Потом они вышли на улицу. Ночь уже накрыла Москву, фонари горели в мокром воздухе, и Сашка смотрел на отца, который закурил, выпуская дым в небо.
— Ну как? — спросил отец.
— Хорошо, — сказал Сашка. — Сильно.
Они пошли к метро, и отец сказал:
— Ты не голоден? Может, поужинаем?
Сашка покачал головой. Ему не хотелось есть. Ему хотелось говорить. И он начал, не удержавшись:
— Почему вы ушли?
Отец не удивился. Он шел медленно, глядя под ноги, на мокрый асфальт, и молчал так долго, что Сашка уже подумал — не ответит.
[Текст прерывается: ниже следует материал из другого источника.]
(* Let $H$ be a countable group, and suppose $G\le H\le K$ with $G$ finitely generated and $C_K(G)=1$. Then all terms of the normalizer tower of $H$ in $K$ are countable, and therefore the tower has countable height.
   Context: The normalizer tower of $H$ in $K$ is defined by $N^0=H$, $N^{\alpha+1}=N_K(N^\alpha)$ and $N^\alpha=\bigcup_{\beta<\alpha}N^\beta$ for limit ordinals $\alpha$. Its height is the least ordinal $\alpha$ with $N^{\alpha}=N^{\alpha+1}$. $C_K(G)$ is the centralizer of $G$ in $K$. *)

theory Defs
  imports "HOL-Algebra.Algebra" "HOL-Library.Countable_Set"
begin

definition centralizer :: "('a, 'b) monoid_scheme \<Rightarrow> 'a set \<Rightarrow> 'a set" where
  "centralizer K A = {k \<in> carrier K. \<forall>g \<in> A. k \<otimes>\<^bsub>K\<^esub> g = g \<otimes>\<^bsub>K\<^esub> k}"

text \<open>Ordinals are represented by well-order relations r (on Field r); an element
  i of Field r stands for the ordinal type of its strict initial segment.
  f is the normalizer tower of H in K indexed along r:
  f i = H at the bottom, f i = N_K(f j) if i is the successor of j, and
  f i = union of the earlier terms if i is a limit point.\<close>
definition strict_pred :: "'i rel \<Rightarrow> 'i \<Rightarrow> 'i set" where
  "strict_pred r i = {j. (j, i) \<in> r \<and> j \<noteq> i}"

definition immediate_pred :: "'i rel \<Rightarrow> 'i \<Rightarrow> 'i \<Rightarrow> bool" where
  "immediate_pred r j i \<longleftrightarrow> j \<in> strict_pred r i \<and> (\<forall>k \<in> strict_pred r i. (k, j) \<in> r)"

definition normalizer_tower_on ::
    "('a, 'b) monoid_scheme \<Rightarrow> 'a set \<Rightarrow> 'i rel \<Rightarrow> ('i \<Rightarrow> 'a set) \<Rightarrow> bool" where
  "normalizer_tower_on K H r f \<longleftrightarrow> Well_order r \<and>
     (\<forall>i \<in> Field r.
        (strict_pred r i = {} \<longrightarrow> f i = H) \<and>
        (\<forall>j. immediate_pred r j i \<longrightarrow> f i = normalizer K (f j)) \<and>
        (strict_pred r i \<noteq> {} \<and> (\<nexists>j. immediate_pred r j i) \<longrightarrow>
            f i = (\<Union>j \<in> strict_pred r i. f j)))"

end

theory Submission
  imports Defs "HOL-Analysis.Finite_Cartesian_Product"
begin

(* Fix a finite generating set S of G. Since C_K(G) = 1, an element x of K is determined by the
   conjugates x s x^-1 of the elements s of S. Hence the sets C_0 = H and
   C_(k+1) = C_k \<union> {x. x S x^-1 \<subseteq> C_k} are countable by induction on k, and so is their
   union C. If a subgroup A \<supseteq> H \<supseteq> S lies in C, then so does N_K(A): an element of N_K(A)
   conjugates the finitely many elements of S into A, hence into a single C_k. By transfinite
   induction every term of every normalizer tower of H lies in C.

   To bound the height without ordinals, the tower is realised as the least family of sets that
   contains H and is closed under A \<mapsto> A \<union> N_K(A) and under nonempty unions. As in the proof
   of the Bourbaki-Witt theorem, this family is well-ordered by inclusion. Choosing for each
   non-final member A an element of N_K(A) - A injects it into C, so the family is countable
   and its well-order can be transported to nat. *)

lemma (in group) centralizer_subgroup:
  assumes "A \<subseteq> carrier G"
  shows "subgroup (centralizer G A) G"
proof (rule subgroupI)
  show "centralizer G A \<subseteq> carrier G" "centralizer G A \<noteq> {}"
    using assms by (auto simp: centralizer_def intro!: exI[of _ \<one>])
next
  fix z assume z: "z \<in> centralizer G A"
  then have zG: "z \<in> carrier G" by (simp add: centralizer_def)
  have "inv z \<otimes> a = a \<otimes> inv z" if a: "a \<in> A" for a
  proof -
    have aG: "a \<in> carrier G" using a assms by blast
    have "inv z \<otimes> a = inv z \<otimes> (a \<otimes> z) \<otimes> inv z" using zG aG by (simp add: m_assoc)
    also have "\<dots> = inv z \<otimes> (z \<otimes> a) \<otimes> inv z" using z a by (simp add: centralizer_def)
    also have "\<dots> = a \<otimes> inv z" using zG aG by (simp flip: m_assoc)
    finally show ?thesis .
  qed
  then show "inv z \<in> centralizer G A" using zG by (simp add: centralizer_def)
next
  fix y z assume "y \<in> centralizer G A" "z \<in> centralizer G A"
  then show "y \<otimes> z \<in> centralizer G A"
    using assms by (auto simp: centralizer_def subset_iff) (metis m_assoc)
qed

lemma (in group) centralizer_generate:
  assumes "S \<subseteq> carrier G" "z \<in> carrier G" "\<And>s. s \<in> S \<Longrightarrow> z \<otimes> s = s \<otimes> z"
  shows "z \<in> centralizer G (generate G S)"
proof -
  have "S \<subseteq> centralizer G {z}"
    using assms by (auto simp: centralizer_def)
  then have "generate G S \<subseteq> centralizer G {z}"
    using centralizer_subgroup assms(2) by (simp add: generate_subgroup_incl)
  then show ?thesis
    using assms(2) by (auto simp: centralizer_def)
qed

lemma (in group) subgroup_subset_normalizer:
  assumes "subgroup A G"
  shows "A \<subseteq> normalizer G A"
  using subgroup.subset[OF normal_imp_subgroup[OF subgroup_in_normalizer[OF assms]]] by simp

lemma (in group) normalizer_conj_mem:
  assumes "A \<subseteq> carrier G" "x \<in> normalizer G A" "a \<in> A"
  shows "x \<otimes> a \<otimes> inv x \<in> A"
proof -
  have "x \<otimes> a \<otimes> inv x \<in> x <# A #> inv x"
    using assms(3) unfolding l_coset_def r_coset_def by auto
  then show ?thesis
    using assms(1,2) unfolding normalizer_def stabilizer_def by auto
qed

lemma (in group) subgroup_Union_chain:
  assumes "subset.chain {A. subgroup A G} \<C>" "\<C> \<noteq> {}"
  shows "subgroup (\<Union>\<C>) G"
proof (rule subgroupI)
  have sub: "subgroup A G" if "A \<in> \<C>" for A
    using assms(1) that unfolding subset_chain_def by blast
  show "\<Union>\<C> \<subseteq> carrier G"
    using sub subgroup.subset by blast
  obtain A where "A \<in> \<C>"
    using assms(2) by blast
  then show "\<Union>\<C> \<noteq> {}"
    using subgroup.one_closed[OF sub] by blast
  show "inv a \<in> \<Union>\<C>" if a: "a \<in> \<Union>\<C>" for a
  proof -
    obtain A where "A \<in> \<C>" "a \<in> A"
      using a by blast
    then show ?thesis
      using subgroup.m_inv_closed[OF sub] by blast
  qed
  show "a \<otimes> b \<in> \<Union>\<C>" if ab: "a \<in> \<Union>\<C>" "b \<in> \<Union>\<C>" for a b
  proof -
    have "{a, b} \<subseteq> \<Union>\<C>"
      using ab by blast
    obtain B where B: "B \<in> \<C>" "{a, b} \<subseteq> B"
      by (rule finite_subset_Union_chain[OF _ \<open>{a, b} \<subseteq> \<Union>\<C>\<close> assms(2,1)]) simp
    then have "a \<otimes> b \<in> B"
      using subgroup.m_closed[OF sub[OF B(1)]] by simp
    then show ?thesis
      using B(1) by blast
  qed
qed

definition conjugation_on :: "('a, 'b) monoid_scheme \<Rightarrow> 'a set \<Rightarrow> 'a \<Rightarrow> 'a \<Rightarrow> 'a" where
  "conjugation_on G S x = (\<lambda>s\<in>S. x \<otimes>\<^bsub>G\<^esub> s \<otimes>\<^bsub>G\<^esub> inv\<^bsub>G\<^esub> x)"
— Я был молод, — сказал он наконец. — Мне было двадцать лет. Я только начал работать в газете. У меня не было ни квартиры, ни денег, ни надежды. Когда Вера сказала, что беременна, я испугался. Я испугался, что моя жизнь кончится, что я останусь в этом маленьком городе, что никогда не стану тем, кем хотел стать.
— И вы стали, — сказал Сашка.
— Стал, — отец выдохнул дым. — Но за это пришлось платить. Я заплатил. Тем, что не видел, как ты растешь. Тем, что Вера ненавидит меня. Тем, что сейчас, когда ты стоишь рядом, я не знаю, что тебе сказать.
— Скажите правду, — сказал Сашка. — Мама всегда врала. Она говорила, что вы летчик, что вы герой, что вас сбили под Оршей, что вы в партизанах. Я верил. А вы просто... испугались.
Отец остановился, посмотрел на него. В глазах его было что-то, чего Сашка не видел ни у одного из трех Петров — боль. Настоящая, живая боль, которую не спрятать за хорошим костюмом и журналистским блокнотом.
— Ты прав, — сказал он тихо. — Я испугался. И я трус. Я знаю это много лет. Но я не могу это изменить. Я могу только сказать тебе: не будь таким. Не бойся своей жизни. Не бросай тех, кто тебя любит.
Они вышли на площадь, к памятнику Пушкину. Сашка смотрел на бронзовую фигуру, на фонари, на редких прохожих, и думал о том, что сейчас, наверное, в шестьсот девятом микрорайоне Гена пьет на кухне, а мама сидит в комнате одна и плачет. И что он должен вернуться. Не к отцу, не к этим поэтам, не к красивой Москве. К ней.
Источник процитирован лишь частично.